» What is expected:
Among the lines below, a stretch begins at the one with "finally show ?thesis using y_def by simp" and ends at the one with "by (simp add: algebra_simps power2_eq_square)". Repeat that stretch exactly, ends included.

═════ Exercise inputs ═════

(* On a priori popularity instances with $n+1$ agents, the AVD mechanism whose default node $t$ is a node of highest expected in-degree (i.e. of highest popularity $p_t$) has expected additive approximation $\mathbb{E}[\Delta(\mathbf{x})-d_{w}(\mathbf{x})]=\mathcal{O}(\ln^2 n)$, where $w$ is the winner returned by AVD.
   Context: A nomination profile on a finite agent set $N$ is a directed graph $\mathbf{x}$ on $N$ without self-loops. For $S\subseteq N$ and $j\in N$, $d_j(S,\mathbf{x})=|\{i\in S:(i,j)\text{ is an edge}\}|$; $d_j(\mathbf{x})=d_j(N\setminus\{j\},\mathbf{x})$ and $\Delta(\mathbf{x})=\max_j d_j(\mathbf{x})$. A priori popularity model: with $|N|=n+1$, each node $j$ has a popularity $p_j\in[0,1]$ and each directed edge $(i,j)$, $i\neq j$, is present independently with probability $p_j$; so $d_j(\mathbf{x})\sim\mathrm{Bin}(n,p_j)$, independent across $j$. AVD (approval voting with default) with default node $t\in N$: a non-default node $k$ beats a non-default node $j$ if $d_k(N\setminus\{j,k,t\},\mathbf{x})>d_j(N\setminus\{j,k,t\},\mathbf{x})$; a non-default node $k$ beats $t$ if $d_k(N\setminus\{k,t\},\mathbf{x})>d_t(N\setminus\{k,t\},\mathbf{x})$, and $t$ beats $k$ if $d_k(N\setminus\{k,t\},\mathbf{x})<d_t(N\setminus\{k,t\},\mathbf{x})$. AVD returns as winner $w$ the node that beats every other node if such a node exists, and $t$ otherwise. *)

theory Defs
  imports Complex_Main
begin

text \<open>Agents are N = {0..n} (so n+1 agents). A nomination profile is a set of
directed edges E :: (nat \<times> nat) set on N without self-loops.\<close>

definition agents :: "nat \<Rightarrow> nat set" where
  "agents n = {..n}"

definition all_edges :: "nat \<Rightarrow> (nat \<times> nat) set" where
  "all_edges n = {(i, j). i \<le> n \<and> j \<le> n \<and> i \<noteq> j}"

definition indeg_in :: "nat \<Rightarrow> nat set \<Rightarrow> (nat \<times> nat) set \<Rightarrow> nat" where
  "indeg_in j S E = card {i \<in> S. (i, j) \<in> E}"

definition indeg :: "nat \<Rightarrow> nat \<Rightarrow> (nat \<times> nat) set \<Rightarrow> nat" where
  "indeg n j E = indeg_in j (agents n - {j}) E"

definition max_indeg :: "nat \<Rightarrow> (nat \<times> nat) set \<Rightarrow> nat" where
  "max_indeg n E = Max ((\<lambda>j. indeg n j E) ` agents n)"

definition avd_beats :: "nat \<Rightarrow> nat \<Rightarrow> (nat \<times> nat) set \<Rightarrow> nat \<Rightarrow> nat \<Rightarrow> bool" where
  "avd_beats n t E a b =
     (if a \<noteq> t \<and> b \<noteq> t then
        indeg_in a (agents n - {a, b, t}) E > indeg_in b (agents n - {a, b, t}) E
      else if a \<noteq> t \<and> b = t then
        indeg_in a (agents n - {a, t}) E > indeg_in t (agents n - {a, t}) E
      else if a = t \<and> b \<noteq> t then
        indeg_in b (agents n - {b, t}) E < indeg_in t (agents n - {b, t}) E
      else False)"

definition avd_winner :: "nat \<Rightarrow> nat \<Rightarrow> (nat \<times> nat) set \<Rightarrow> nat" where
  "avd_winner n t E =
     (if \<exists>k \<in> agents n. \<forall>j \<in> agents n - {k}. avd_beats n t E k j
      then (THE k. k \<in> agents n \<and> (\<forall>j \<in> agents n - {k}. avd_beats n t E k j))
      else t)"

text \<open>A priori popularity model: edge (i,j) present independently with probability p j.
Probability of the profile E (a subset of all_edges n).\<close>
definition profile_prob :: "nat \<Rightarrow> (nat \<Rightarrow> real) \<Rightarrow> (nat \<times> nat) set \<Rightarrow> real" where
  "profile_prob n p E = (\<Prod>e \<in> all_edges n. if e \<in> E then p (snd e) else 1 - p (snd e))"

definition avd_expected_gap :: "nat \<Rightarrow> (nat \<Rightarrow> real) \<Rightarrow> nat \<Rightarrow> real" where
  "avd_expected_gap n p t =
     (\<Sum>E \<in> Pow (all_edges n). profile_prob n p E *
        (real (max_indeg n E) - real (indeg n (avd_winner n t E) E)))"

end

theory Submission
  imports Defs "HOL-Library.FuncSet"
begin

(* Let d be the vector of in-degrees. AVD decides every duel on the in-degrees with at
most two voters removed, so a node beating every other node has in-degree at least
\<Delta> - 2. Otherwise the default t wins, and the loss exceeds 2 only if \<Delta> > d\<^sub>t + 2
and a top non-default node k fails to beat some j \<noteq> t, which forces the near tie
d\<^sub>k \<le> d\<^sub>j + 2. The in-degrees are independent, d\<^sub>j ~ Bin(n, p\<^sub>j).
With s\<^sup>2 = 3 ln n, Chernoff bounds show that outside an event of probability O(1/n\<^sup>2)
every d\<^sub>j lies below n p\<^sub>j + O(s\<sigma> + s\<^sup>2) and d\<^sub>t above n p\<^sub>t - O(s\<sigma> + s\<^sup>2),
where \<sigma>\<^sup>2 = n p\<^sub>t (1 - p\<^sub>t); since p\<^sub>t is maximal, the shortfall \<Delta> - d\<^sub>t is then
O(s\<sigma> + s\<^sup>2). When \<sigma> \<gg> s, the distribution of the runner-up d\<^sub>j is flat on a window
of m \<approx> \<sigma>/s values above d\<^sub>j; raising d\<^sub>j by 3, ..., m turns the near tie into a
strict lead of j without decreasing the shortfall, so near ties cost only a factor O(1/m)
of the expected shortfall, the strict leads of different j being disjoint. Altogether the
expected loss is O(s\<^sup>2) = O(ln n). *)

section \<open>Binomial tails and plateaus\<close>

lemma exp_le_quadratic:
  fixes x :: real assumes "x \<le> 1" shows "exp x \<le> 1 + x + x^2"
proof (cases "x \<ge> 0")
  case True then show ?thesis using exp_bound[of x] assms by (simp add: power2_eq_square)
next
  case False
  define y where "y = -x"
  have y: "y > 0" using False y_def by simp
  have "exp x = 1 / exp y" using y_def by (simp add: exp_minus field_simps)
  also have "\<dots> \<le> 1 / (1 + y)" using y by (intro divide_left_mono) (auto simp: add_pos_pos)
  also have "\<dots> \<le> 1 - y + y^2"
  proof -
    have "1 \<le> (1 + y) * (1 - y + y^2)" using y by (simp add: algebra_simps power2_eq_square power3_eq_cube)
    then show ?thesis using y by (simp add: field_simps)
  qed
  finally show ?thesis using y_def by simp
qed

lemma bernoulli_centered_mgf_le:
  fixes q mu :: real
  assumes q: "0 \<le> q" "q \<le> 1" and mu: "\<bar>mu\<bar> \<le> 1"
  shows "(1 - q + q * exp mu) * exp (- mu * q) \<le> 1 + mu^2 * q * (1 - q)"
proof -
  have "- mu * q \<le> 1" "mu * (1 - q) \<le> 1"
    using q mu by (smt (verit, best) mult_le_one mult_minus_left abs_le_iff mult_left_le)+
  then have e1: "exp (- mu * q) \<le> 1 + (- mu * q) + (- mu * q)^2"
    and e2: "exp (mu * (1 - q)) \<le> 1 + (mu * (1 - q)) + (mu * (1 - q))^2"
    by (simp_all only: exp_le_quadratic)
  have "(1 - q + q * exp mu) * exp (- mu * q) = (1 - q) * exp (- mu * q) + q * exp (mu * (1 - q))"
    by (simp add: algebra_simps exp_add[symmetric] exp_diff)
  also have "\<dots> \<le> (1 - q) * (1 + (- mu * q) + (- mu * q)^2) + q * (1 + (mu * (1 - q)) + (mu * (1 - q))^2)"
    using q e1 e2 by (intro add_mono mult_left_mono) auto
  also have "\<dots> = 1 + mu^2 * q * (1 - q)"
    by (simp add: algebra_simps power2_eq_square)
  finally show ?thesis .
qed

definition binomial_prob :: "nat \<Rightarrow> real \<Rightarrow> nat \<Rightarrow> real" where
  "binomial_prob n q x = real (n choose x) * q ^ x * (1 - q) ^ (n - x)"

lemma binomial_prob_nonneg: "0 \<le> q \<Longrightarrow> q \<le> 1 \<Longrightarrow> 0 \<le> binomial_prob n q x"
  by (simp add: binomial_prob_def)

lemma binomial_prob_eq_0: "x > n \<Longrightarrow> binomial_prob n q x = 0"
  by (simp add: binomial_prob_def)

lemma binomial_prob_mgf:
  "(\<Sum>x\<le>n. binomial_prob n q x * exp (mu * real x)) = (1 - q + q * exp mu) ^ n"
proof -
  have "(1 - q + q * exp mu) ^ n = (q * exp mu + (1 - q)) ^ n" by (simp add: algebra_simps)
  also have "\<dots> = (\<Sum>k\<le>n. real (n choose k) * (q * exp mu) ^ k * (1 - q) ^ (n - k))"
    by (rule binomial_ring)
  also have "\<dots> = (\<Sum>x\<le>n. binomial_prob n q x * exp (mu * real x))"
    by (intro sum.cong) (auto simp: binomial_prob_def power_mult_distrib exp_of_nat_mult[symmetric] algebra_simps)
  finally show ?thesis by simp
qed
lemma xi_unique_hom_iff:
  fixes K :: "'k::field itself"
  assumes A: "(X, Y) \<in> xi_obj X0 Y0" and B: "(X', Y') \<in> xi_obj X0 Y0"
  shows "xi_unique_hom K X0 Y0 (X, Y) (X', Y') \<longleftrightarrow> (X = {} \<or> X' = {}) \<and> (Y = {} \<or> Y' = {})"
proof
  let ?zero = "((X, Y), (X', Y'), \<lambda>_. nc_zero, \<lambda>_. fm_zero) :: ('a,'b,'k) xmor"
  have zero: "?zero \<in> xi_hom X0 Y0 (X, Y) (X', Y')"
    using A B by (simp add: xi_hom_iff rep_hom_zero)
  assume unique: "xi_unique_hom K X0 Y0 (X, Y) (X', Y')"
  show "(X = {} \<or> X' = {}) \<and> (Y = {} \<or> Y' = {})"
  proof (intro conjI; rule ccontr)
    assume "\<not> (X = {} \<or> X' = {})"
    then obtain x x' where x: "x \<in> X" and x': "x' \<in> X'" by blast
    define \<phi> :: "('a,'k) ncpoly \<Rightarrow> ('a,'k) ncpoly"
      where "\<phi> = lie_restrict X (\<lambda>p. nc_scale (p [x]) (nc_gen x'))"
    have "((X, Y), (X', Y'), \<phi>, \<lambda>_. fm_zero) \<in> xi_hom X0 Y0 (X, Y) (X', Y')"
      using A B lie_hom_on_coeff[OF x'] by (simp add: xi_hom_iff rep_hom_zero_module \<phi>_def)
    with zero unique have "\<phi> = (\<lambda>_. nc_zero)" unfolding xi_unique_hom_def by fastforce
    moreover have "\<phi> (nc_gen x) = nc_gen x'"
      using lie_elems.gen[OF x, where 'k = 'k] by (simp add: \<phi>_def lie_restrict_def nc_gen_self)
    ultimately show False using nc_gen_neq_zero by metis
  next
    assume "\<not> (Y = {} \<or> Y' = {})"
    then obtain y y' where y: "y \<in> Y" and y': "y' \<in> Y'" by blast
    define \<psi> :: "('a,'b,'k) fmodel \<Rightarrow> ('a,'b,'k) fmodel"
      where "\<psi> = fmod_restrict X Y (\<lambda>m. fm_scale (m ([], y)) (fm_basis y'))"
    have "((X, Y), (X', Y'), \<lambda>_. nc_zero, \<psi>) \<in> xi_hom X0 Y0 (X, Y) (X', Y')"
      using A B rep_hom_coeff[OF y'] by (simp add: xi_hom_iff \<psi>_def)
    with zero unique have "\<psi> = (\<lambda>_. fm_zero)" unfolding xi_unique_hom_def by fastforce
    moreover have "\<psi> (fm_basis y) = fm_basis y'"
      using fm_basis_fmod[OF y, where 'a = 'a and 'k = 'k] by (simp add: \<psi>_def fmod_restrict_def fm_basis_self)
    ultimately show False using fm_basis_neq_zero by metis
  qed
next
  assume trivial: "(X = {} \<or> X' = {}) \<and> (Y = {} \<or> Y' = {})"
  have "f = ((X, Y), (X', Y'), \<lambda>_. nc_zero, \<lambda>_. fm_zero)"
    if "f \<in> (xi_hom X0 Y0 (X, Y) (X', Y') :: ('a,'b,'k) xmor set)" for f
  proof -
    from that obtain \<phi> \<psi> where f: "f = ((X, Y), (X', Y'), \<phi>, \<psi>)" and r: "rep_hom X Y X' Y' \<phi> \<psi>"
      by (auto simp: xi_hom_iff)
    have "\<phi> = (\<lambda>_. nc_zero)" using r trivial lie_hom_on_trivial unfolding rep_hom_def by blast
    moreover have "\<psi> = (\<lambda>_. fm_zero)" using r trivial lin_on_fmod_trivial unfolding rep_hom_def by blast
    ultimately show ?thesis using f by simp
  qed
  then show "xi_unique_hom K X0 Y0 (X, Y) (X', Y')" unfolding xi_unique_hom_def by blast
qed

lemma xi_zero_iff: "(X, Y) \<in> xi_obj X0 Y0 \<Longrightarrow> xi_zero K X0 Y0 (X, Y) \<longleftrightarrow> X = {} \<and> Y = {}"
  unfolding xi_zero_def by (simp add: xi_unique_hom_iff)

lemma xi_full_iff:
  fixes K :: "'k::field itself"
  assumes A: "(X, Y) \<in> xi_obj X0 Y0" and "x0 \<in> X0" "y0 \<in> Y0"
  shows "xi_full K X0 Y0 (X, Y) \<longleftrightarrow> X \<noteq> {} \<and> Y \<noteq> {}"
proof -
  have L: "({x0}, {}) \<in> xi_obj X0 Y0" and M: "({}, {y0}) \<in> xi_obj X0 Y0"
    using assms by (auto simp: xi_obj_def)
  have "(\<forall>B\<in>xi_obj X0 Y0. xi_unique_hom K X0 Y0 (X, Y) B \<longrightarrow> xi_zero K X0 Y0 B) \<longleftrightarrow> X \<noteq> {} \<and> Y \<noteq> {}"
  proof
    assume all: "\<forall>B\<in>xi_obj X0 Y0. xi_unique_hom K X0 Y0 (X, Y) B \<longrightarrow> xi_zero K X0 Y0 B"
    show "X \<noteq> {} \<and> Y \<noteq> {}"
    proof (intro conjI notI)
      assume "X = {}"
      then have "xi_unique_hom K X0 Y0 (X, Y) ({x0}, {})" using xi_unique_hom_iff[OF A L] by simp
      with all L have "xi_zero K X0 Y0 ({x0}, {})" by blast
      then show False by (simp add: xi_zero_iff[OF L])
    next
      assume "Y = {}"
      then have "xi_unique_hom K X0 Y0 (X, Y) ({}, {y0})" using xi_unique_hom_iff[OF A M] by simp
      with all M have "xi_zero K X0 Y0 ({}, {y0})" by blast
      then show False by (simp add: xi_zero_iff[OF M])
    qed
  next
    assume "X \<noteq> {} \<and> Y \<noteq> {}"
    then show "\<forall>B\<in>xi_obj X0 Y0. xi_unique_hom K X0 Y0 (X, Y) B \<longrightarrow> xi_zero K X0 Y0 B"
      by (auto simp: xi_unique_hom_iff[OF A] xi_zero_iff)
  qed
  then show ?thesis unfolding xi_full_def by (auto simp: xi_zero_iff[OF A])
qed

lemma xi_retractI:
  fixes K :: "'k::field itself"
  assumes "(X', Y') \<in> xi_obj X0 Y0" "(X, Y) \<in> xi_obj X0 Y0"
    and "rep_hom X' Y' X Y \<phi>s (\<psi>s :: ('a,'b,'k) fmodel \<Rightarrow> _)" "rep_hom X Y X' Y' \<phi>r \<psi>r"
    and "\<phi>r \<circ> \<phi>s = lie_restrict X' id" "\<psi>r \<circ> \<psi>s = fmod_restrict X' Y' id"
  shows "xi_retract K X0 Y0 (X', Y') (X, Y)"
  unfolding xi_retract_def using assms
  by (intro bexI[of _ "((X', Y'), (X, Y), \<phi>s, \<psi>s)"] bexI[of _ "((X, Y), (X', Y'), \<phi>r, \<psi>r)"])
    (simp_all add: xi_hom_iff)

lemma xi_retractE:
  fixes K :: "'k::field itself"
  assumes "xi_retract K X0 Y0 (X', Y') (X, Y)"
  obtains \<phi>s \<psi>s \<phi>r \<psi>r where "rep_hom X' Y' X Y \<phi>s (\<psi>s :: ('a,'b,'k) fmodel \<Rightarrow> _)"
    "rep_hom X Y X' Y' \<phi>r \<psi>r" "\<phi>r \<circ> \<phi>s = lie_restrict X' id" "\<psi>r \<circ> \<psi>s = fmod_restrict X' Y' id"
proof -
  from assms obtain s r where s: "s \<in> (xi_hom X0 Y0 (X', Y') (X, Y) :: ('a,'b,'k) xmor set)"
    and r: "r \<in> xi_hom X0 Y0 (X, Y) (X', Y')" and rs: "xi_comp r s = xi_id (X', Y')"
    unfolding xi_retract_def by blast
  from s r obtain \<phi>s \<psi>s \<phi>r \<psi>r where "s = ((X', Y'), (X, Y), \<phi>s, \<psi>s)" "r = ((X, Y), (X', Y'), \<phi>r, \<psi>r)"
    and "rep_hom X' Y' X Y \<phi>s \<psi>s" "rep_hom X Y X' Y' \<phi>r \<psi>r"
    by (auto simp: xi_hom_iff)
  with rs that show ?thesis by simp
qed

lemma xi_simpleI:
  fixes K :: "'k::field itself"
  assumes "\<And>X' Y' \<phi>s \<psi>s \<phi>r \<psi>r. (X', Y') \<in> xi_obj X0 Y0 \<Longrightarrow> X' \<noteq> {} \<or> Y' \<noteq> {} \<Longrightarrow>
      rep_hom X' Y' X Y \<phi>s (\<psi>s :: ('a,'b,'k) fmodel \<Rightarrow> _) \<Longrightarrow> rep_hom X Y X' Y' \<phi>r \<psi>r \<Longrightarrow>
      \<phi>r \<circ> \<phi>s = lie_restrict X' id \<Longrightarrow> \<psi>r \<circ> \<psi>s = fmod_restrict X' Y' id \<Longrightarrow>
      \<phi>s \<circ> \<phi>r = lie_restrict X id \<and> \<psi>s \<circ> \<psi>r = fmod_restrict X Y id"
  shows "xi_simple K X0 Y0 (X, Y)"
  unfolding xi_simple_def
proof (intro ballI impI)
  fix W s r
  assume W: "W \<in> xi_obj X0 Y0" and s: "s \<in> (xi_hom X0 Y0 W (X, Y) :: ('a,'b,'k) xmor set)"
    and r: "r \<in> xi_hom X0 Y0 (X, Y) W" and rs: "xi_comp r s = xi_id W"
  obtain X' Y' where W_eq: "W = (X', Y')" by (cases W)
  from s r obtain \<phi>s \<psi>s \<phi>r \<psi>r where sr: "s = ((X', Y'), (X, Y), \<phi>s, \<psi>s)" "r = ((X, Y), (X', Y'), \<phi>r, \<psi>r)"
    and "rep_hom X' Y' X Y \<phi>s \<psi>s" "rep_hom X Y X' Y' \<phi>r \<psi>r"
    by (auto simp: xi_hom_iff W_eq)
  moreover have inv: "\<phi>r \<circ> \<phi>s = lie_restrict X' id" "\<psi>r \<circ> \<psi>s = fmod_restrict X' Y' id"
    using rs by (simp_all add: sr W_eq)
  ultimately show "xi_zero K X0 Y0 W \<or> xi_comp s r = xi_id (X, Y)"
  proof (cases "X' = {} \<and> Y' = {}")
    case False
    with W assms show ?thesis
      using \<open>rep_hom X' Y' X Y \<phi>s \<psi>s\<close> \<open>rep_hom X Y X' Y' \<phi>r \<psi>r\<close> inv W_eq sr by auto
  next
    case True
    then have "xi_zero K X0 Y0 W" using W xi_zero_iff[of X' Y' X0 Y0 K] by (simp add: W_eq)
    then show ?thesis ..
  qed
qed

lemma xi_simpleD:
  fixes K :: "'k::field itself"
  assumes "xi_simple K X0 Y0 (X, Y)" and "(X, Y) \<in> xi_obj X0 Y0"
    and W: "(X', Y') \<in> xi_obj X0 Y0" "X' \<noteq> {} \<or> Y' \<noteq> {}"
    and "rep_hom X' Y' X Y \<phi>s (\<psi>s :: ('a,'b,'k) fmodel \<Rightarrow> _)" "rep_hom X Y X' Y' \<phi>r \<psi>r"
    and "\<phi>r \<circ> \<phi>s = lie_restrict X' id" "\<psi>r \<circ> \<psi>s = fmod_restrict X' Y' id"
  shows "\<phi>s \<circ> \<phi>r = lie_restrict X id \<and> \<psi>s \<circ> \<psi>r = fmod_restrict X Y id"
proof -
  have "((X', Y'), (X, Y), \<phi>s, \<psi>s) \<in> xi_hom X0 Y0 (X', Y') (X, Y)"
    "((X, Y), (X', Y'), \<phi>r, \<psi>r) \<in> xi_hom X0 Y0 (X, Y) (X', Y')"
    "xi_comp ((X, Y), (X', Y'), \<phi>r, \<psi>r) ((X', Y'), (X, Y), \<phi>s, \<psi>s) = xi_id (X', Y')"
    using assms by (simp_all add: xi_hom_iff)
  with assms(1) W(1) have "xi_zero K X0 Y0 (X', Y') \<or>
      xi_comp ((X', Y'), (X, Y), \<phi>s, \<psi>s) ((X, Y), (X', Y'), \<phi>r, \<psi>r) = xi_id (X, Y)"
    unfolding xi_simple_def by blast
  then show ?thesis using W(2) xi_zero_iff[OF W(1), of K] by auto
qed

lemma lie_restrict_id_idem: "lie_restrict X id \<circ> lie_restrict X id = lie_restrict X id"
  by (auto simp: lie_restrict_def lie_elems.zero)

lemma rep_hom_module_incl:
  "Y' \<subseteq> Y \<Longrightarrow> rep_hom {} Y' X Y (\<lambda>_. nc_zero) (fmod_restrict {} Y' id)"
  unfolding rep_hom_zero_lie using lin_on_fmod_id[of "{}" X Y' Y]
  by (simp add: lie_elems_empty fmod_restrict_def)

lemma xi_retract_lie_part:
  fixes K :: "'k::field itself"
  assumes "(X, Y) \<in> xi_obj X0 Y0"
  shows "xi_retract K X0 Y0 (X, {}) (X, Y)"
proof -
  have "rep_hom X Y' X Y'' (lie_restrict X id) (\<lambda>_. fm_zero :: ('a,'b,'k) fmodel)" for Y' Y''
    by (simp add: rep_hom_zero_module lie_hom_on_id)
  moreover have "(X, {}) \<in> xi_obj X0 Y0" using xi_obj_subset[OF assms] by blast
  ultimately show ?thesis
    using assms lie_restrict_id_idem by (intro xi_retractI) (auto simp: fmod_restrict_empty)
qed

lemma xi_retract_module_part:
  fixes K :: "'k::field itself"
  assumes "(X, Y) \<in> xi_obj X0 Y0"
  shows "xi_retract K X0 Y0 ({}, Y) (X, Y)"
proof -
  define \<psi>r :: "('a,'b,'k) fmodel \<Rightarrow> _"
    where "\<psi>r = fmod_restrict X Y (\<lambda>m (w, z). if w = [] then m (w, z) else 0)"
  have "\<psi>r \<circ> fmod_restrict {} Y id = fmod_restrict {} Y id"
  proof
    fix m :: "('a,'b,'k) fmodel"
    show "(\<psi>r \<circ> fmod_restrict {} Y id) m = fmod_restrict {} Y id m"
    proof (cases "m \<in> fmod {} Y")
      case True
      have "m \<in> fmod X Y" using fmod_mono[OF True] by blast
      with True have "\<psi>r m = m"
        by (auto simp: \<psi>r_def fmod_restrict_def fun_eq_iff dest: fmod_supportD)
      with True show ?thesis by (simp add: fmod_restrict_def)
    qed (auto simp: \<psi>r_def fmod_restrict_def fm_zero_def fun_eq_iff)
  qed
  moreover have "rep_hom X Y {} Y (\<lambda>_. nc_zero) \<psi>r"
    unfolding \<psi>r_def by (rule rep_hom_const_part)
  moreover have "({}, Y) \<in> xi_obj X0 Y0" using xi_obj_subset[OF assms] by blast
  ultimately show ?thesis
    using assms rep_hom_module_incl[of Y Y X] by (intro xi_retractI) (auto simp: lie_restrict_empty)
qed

═════

» Reply:
  finally show ?thesis using y_def by simp
qed

lemma bernoulli_centered_mgf_le:
  fixes q mu :: real
  assumes q: "0 \<le> q" "q \<le> 1" and mu: "\<bar>mu\<bar> \<le> 1"
  shows "(1 - q + q * exp mu) * exp (- mu * q) \<le> 1 + mu^2 * q * (1 - q)"
proof -
  have "- mu * q \<le> 1" "mu * (1 - q) \<le> 1"
    using q mu by (smt (verit, best) mult_le_one mult_minus_left abs_le_iff mult_left_le)+
  then have e1: "exp (- mu * q) \<le> 1 + (- mu * q) + (- mu * q)^2"
    and e2: "exp (mu * (1 - q)) \<le> 1 + (mu * (1 - q)) + (mu * (1 - q))^2"
    by (simp_all only: exp_le_quadratic)
  have "(1 - q + q * exp mu) * exp (- mu * q) = (1 - q) * exp (- mu * q) + q * exp (mu * (1 - q))"
    by (simp add: algebra_simps exp_add[symmetric] exp_diff)
  also have "\<dots> \<le> (1 - q) * (1 + (- mu * q) + (- mu * q)^2) + q * (1 + (mu * (1 - q)) + (mu * (1 - q))^2)"
    using q e1 e2 by (intro add_mono mult_left_mono) auto
  also have "\<dots> = 1 + mu^2 * q * (1 - q)"
    by (simp add: algebra_simps power2_eq_square)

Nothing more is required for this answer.